The cabin is a wood-frame building, 22' x 32'. It has a "sunlight" basement containing the two bedrooms and the bathroom. The main floor is one large room.

It is set at the edge of pine and aspen trees, facing southwest toward some very high mountains across the valley.





My Tasks

Trim & Finish

The cabin was built by a professional builder. My friend & architect Don Ruggles designed the building, making eminent sense of a small space, its windows and rooms.

I took on the tasks of making the exterior trim for the windows and the railings for the deck and entry. I also did all the interior finish: walls, doors, windows trim, floors, railings, bathroom tiles, and the kitchen counters and cabinets.

My wife, son and I also applied brown Weatherall UV Guard to all the exterior 2"x12" milled fir planks.
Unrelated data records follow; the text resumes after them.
lemma borel_measurable_dist_cyl [measurable]:
  "(\<lambda>w. dist z w) \<in> borel_measurable (cyl_measure :: (real \<times> (real^'n)) measure)"
proof -
  have "(\<lambda>\<theta>. dist (snd z) \<theta>) \<in> borel_measurable (sphere_measure :: (real^'n) measure)"
    unfolding measurable_cong_sets[OF sets_sphere_measure refl]
    by (intro measurable_restrict_space1) measurable
  then show ?thesis
    unfolding cyl_measure_def dist_prod_def by measurable
qed

lemma Sigma_lam_eq: "Sigma_lam lam = {..<lam} \<times> sphere (0::real^'n) 1"
  by (auto simp: Sigma_lam_def cyl_def)

lemma Sigma_lam_in_sets: "Sigma_lam lam \<in> sets (cyl_measure :: (real \<times> (real^'n)) measure)"
  unfolding Sigma_lam_eq by (intro Times_in_sets_cyl_measure) auto

lemma integral_cyl_measure_fold:
  fixes h :: "real \<times> (real^'n) \<Rightarrow> real"
  assumes h: "integrable cyl_measure h"
  shows "integrable cyl_measure (\<lambda>u. indicator (Sigma_lam lam) u * (h u + h (reflect lam u)))"
    (is "integrable _ ?h'")
    and "integral\<^sup>L cyl_measure h =
      integral\<^sup>L cyl_measure (\<lambda>u. indicator (Sigma_lam lam) u * (h u + h (reflect lam u)))"
proof -
  let ?M = "cyl_measure :: (real \<times> (real^'n)) measure"
  let ?S = "Sigma_lam lam :: (real \<times> (real^'n)) set"
  define S' where "S' = reflect lam -` ?S \<inter> space ?M"
  have S': "S' \<in> sets ?M"
    unfolding S'_def by (rule measurable_sets[OF reflect_measurable Sigma_lam_in_sets])
  have hS: "integrable ?M (\<lambda>u. indicator ?S u * h u)"
    using integrable_mult_indicator[OF Sigma_lam_in_sets h] by simp
  have hS': "integrable ?M (\<lambda>u. indicator S' u * h u)"
    using integrable_mult_indicator[OF S' h] by simp
  have reflect_S': "indicator S' (reflect lam u) = (indicator ?S u :: real)" for u
    by (cases u) (auto simp: S'_def Sigma_lam_def reflect_def indicator_def cyl_def)
  have hRS: "integrable ?M (\<lambda>u. indicator ?S u * h (reflect lam u))"
    and hRS_eq: "integral\<^sup>L ?M (\<lambda>u. indicator ?S u * h (reflect lam u)) = integral\<^sup>L ?M (\<lambda>u. indicator S' u * h u)"
    using integral_cyl_measure_reflect[OF hS', of lam] by (simp_all add: reflect_S')
  show "integrable ?M ?h'"
    using hS hRS by (simp add: distrib_left)
  have "{lam} \<times> sphere (0::real^'n) 1 \<in> null_sets ?M"
    by (auto simp: null_sets_def emeasure_cyl_measure_Times intro: Times_in_sets_cyl_measure)
  then have "AE u in ?M. h u = indicator ?S u * h u + indicator S' u * h u"
    by (rule AE_I') (auto simp: Sigma_lam_def S'_def reflect_def indicator_def cyl_def)
  then have "integral\<^sup>L ?M h = integral\<^sup>L ?M (\<lambda>u. indicator ?S u * h u + indicator S' u * h u)"
    using h hS hS' by (intro integral_cong_AE) auto
  also have "\<dots> = integral\<^sup>L ?M (\<lambda>u. indicator ?S u * h u) + integral\<^sup>L ?M (\<lambda>u. indicator S' u * h u)"
    using hS hS' by (rule Bochner_Integration.integral_add)
  also have "\<dots> = integral\<^sup>L ?M ?h'"
    using hS hRS hRS_eq by (simp add: distrib_left)
  finally show "integral\<^sup>L ?M h = integral\<^sup>L ?M ?h'" .
qed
The photo to the left shows part of the view from the deck.






The Aesthetic

Vernacular Invention

There are two architectural influences at work here.

One is local: the cabins of the miners; they dotted this area with one- and two-room cabins while they looked for and mined for gold and silver. These cabins were built hastily, to provide shelter before the winter set in. They used no complex shapes, added few porticos or mud rooms. They were simple boxes. Problems were solved as met.

The second influence is the vernacular or folk architecture of eastern Europe and Scandinavia. Their cabins evolved in agricultural time spans, not the urgent bursts of prospectors and mineral extraction. Over time their simple buildings added carved door and window frames. They used color and imagery. These additions to the architecture were expressive of personality, caprice and delight in making things.





Contrast

Change Upon Arrival

This cabin exists to be a contrast to city life. To the extent that I could, I strove to finish it so that it would feel different, in contrast to the rooms and buildings one usually finds oneself in. When you come upon the building, especially when you enter it, you know you are in a different kind of place.






Timing

Improvisation over Time

When we began, our budget was particularly tight. We went ahead without knowing precisely what we would do for wall surfaces, floors and other components.

When visiting the cabin, we lived in an unfinished space for two and a half years, relying on the principle that buildings learn.

Some of the things I tried were abandoned. Some grew into the actual solution.



Appreciation

Time to Feel the Change

The long time it has taken to get a complete building has allowed us to savor each step and appreciate its addition to our life there.

I am still working on landscaping. One of the bedrooms needs its closet door trim. I am adding glyphs to the lintels of the interior windows. And there are some landscaping tasks to be done. I want to build a tool shed, because the bandsaw is still in the main room.